RECORD EXTRACTS>
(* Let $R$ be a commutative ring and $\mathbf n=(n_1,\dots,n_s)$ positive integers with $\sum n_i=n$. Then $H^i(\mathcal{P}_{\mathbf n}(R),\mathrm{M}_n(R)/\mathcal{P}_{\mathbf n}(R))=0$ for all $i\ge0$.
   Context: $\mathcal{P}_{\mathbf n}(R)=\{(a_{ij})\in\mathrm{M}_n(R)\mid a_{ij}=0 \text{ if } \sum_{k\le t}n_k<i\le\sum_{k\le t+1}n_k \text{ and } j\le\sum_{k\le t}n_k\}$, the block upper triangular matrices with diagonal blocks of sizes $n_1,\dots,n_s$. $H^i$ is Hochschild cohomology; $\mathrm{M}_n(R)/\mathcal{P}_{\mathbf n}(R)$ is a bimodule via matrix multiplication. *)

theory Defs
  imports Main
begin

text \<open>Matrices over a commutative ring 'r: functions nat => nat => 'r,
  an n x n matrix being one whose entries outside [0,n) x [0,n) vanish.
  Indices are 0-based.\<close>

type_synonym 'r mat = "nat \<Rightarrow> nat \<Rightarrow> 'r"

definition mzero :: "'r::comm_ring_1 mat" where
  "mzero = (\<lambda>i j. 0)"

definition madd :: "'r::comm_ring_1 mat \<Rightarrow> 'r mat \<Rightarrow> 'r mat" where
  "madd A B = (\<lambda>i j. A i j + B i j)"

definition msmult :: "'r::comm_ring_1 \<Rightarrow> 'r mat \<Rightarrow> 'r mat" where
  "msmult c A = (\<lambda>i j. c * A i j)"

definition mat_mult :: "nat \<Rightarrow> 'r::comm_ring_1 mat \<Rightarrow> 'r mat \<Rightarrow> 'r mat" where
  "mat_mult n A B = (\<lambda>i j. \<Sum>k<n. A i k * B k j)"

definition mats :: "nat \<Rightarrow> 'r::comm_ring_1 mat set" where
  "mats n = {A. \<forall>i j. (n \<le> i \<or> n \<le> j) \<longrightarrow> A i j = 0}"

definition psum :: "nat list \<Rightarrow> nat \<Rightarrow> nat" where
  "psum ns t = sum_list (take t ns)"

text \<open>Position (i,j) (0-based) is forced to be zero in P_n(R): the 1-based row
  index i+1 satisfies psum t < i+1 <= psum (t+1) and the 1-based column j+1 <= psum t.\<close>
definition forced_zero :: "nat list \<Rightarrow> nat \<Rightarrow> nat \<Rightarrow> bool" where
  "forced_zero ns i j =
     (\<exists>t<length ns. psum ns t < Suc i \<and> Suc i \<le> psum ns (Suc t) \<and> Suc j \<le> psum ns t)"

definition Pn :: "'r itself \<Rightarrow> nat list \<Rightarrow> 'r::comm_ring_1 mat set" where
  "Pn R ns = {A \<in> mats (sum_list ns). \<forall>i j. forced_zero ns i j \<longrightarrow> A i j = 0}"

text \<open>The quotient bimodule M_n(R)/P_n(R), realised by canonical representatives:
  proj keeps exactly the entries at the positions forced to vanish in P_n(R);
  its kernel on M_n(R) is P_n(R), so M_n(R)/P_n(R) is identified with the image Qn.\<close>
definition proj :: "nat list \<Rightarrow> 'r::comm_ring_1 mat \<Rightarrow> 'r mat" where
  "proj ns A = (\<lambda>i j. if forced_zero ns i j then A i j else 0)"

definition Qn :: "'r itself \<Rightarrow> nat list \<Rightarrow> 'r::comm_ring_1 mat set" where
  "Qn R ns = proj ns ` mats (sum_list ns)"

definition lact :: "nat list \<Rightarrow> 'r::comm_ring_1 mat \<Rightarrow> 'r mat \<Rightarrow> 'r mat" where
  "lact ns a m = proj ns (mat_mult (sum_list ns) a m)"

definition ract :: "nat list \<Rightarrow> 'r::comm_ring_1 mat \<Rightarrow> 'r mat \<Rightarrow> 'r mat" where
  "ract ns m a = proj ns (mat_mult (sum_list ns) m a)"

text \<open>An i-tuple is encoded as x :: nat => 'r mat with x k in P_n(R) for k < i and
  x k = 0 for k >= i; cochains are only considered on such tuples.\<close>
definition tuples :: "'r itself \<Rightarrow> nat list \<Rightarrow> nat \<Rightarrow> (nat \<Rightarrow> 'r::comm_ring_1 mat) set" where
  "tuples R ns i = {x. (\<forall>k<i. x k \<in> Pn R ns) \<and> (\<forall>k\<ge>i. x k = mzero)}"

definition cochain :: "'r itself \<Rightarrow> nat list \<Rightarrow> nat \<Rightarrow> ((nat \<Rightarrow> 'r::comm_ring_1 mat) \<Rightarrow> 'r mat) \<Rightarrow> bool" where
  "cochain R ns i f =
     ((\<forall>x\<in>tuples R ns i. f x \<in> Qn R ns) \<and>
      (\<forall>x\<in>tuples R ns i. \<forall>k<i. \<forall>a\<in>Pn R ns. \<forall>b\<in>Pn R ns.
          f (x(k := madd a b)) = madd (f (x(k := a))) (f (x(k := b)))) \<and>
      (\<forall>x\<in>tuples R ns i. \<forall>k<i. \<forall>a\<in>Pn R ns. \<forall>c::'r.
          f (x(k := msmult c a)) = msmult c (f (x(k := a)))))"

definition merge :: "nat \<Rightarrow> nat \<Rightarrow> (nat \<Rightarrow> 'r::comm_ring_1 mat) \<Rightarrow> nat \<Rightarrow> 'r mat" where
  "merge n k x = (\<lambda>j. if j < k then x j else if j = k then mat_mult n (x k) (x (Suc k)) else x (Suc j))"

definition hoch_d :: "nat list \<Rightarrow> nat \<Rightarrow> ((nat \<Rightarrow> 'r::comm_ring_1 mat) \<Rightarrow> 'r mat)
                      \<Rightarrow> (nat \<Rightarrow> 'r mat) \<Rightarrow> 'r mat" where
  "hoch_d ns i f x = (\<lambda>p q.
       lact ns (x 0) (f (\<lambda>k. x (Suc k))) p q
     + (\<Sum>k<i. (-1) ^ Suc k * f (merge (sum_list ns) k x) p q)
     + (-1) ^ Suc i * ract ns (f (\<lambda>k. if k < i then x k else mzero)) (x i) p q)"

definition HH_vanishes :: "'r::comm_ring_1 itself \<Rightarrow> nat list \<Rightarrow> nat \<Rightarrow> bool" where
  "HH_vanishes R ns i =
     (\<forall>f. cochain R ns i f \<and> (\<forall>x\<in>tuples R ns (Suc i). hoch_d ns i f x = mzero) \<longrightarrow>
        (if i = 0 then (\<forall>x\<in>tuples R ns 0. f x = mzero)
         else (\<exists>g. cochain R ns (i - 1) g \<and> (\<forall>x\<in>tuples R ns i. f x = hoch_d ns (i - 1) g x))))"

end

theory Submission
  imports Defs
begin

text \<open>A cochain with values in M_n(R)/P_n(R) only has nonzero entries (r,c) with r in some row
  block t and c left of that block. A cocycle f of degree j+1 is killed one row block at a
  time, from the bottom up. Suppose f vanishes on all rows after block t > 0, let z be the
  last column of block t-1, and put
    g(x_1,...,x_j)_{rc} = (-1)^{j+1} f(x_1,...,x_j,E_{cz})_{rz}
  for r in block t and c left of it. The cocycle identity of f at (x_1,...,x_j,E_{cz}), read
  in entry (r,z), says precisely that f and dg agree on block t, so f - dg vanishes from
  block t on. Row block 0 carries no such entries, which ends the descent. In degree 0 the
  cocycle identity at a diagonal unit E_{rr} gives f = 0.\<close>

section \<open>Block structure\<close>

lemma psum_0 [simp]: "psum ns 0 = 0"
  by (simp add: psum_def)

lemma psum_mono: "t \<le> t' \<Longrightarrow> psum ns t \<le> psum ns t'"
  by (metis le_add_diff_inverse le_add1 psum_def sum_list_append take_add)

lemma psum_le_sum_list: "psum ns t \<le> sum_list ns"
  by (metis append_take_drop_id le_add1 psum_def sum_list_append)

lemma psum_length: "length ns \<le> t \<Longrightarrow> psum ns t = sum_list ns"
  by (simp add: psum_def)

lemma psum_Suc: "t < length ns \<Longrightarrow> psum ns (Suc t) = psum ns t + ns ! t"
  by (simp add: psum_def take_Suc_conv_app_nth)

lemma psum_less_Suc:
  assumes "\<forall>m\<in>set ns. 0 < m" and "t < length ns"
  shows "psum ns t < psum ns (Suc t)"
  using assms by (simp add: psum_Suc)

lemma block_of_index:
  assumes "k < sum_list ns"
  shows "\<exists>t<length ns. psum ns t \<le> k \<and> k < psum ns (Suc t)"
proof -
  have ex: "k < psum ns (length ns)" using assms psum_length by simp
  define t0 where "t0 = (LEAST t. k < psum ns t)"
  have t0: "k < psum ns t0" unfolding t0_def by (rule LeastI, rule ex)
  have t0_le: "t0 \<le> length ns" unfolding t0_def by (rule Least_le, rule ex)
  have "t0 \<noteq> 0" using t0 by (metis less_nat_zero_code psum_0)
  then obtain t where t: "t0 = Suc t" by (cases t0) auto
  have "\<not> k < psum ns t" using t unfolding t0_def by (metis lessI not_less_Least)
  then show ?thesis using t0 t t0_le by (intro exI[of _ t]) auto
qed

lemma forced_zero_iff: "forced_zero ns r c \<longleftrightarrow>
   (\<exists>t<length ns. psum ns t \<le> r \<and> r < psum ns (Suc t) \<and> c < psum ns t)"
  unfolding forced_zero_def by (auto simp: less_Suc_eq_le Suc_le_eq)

---

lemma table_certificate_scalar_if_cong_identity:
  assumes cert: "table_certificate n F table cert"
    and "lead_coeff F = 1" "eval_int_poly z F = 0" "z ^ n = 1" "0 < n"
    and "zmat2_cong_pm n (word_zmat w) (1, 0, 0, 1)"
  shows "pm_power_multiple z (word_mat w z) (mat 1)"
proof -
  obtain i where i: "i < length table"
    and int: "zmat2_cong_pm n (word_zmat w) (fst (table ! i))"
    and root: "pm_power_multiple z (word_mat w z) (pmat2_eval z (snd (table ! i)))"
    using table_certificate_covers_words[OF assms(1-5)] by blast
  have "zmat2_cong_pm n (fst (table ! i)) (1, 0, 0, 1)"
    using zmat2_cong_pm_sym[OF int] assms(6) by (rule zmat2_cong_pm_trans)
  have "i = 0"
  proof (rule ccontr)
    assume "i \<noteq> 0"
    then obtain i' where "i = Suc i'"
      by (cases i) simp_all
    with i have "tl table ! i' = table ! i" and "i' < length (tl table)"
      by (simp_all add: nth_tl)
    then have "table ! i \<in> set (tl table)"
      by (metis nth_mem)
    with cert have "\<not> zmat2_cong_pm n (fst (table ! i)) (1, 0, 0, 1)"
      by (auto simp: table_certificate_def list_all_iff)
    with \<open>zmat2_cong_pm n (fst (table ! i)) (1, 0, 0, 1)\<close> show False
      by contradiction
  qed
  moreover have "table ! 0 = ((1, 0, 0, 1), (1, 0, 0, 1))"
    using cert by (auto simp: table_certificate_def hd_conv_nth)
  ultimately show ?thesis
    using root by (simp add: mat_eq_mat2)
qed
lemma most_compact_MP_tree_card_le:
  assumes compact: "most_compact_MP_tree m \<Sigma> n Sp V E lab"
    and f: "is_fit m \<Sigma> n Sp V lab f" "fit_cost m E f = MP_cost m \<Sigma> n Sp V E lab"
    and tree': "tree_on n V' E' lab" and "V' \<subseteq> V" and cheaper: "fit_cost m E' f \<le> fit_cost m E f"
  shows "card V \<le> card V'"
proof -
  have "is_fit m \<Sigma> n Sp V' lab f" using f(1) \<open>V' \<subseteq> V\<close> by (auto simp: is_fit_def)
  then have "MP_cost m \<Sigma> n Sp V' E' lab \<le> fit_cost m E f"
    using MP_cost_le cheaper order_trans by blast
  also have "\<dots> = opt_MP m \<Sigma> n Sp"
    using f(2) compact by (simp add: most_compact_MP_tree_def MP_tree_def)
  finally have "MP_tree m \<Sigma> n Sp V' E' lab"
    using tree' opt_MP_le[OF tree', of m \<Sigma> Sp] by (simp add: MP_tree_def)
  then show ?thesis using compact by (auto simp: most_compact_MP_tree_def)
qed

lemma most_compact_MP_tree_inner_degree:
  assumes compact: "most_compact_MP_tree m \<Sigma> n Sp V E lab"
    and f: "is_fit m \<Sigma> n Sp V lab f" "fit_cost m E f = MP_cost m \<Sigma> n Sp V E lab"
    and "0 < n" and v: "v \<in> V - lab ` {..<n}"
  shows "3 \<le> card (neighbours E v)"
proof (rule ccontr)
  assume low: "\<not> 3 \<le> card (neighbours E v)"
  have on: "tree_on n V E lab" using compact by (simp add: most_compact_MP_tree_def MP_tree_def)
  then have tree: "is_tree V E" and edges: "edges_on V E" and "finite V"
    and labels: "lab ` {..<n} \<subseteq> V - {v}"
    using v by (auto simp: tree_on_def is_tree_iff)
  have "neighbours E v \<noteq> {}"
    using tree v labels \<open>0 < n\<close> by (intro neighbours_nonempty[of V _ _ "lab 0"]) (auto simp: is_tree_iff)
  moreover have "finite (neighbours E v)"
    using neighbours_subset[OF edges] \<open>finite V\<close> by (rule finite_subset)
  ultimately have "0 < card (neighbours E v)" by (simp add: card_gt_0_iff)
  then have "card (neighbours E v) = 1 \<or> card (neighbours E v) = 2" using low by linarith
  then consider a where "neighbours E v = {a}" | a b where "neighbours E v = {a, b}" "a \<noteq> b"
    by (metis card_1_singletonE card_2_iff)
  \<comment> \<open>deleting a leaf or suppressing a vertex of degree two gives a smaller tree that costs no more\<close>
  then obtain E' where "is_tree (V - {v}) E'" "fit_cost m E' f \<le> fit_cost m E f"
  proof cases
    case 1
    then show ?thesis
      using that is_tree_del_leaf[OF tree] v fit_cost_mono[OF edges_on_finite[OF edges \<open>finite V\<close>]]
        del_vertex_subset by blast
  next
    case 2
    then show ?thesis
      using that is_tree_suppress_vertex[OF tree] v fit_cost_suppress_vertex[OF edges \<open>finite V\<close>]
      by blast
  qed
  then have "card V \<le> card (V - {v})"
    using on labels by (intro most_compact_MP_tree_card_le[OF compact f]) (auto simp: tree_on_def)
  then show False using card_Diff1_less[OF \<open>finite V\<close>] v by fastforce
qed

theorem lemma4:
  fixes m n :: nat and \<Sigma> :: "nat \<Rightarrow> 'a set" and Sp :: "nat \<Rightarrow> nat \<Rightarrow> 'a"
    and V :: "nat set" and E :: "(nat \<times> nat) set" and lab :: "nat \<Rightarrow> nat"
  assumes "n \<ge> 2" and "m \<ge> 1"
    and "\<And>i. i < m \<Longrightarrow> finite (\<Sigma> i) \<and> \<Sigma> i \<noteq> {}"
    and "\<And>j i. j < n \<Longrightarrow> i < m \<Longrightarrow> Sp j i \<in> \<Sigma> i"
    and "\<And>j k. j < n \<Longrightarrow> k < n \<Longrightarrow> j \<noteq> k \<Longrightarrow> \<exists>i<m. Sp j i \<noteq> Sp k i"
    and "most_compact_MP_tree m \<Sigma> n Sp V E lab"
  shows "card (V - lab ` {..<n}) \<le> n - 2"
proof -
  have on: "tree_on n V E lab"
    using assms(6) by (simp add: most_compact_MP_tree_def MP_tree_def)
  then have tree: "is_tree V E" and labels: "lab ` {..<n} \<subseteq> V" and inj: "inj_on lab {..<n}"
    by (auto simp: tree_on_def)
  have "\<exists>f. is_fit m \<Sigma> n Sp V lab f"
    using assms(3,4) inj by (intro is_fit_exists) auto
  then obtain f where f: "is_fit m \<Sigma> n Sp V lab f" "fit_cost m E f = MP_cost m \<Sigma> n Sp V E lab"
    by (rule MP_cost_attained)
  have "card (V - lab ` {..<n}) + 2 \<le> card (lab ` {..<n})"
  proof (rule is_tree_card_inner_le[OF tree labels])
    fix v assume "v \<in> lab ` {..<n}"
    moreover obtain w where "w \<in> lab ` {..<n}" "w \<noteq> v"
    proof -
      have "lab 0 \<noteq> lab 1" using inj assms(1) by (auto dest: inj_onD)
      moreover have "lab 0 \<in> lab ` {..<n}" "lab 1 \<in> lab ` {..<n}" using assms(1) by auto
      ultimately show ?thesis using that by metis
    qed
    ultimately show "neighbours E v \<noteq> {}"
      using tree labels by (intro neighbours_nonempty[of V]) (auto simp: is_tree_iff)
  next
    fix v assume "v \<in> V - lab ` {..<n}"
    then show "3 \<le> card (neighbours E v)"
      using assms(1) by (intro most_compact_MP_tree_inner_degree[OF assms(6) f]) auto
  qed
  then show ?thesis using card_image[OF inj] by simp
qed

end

WHAT YOU NEED TO DO> Please copy the lines in the records above between the one holding "(* Let $R$ be" and the one holding "(\<lambda>i j. c", inclusive, exactly and with no other line.

SOLUTION TO THIS TASK>
(* Let $R$ be a commutative ring and $\mathbf n=(n_1,\dots,n_s)$ positive integers with $\sum n_i=n$. Then $H^i(\mathcal{P}_{\mathbf n}(R),\mathrm{M}_n(R)/\mathcal{P}_{\mathbf n}(R))=0$ for all $i\ge0$.
   Context: $\mathcal{P}_{\mathbf n}(R)=\{(a_{ij})\in\mathrm{M}_n(R)\mid a_{ij}=0 \text{ if } \sum_{k\le t}n_k<i\le\sum_{k\le t+1}n_k \text{ and } j\le\sum_{k\le t}n_k\}$, the block upper triangular matrices with diagonal blocks of sizes $n_1,\dots,n_s$. $H^i$ is Hochschild cohomology; $\mathrm{M}_n(R)/\mathcal{P}_{\mathbf n}(R)$ is a bimodule via matrix multiplication. *)

theory Defs
  imports Main
begin

text \<open>Matrices over a commutative ring 'r: functions nat => nat => 'r,
  an n x n matrix being one whose entries outside [0,n) x [0,n) vanish.
  Indices are 0-based.\<close>

type_synonym 'r mat = "nat \<Rightarrow> nat \<Rightarrow> 'r"

definition mzero :: "'r::comm_ring_1 mat" where
  "mzero = (\<lambda>i j. 0)"

definition madd :: "'r::comm_ring_1 mat \<Rightarrow> 'r mat \<Rightarrow> 'r mat" where
  "madd A B = (\<lambda>i j. A i j + B i j)"

definition msmult :: "'r::comm_ring_1 \<Rightarrow> 'r mat \<Rightarrow> 'r mat" where
  "msmult c A = (\<lambda>i j. c * A i j)"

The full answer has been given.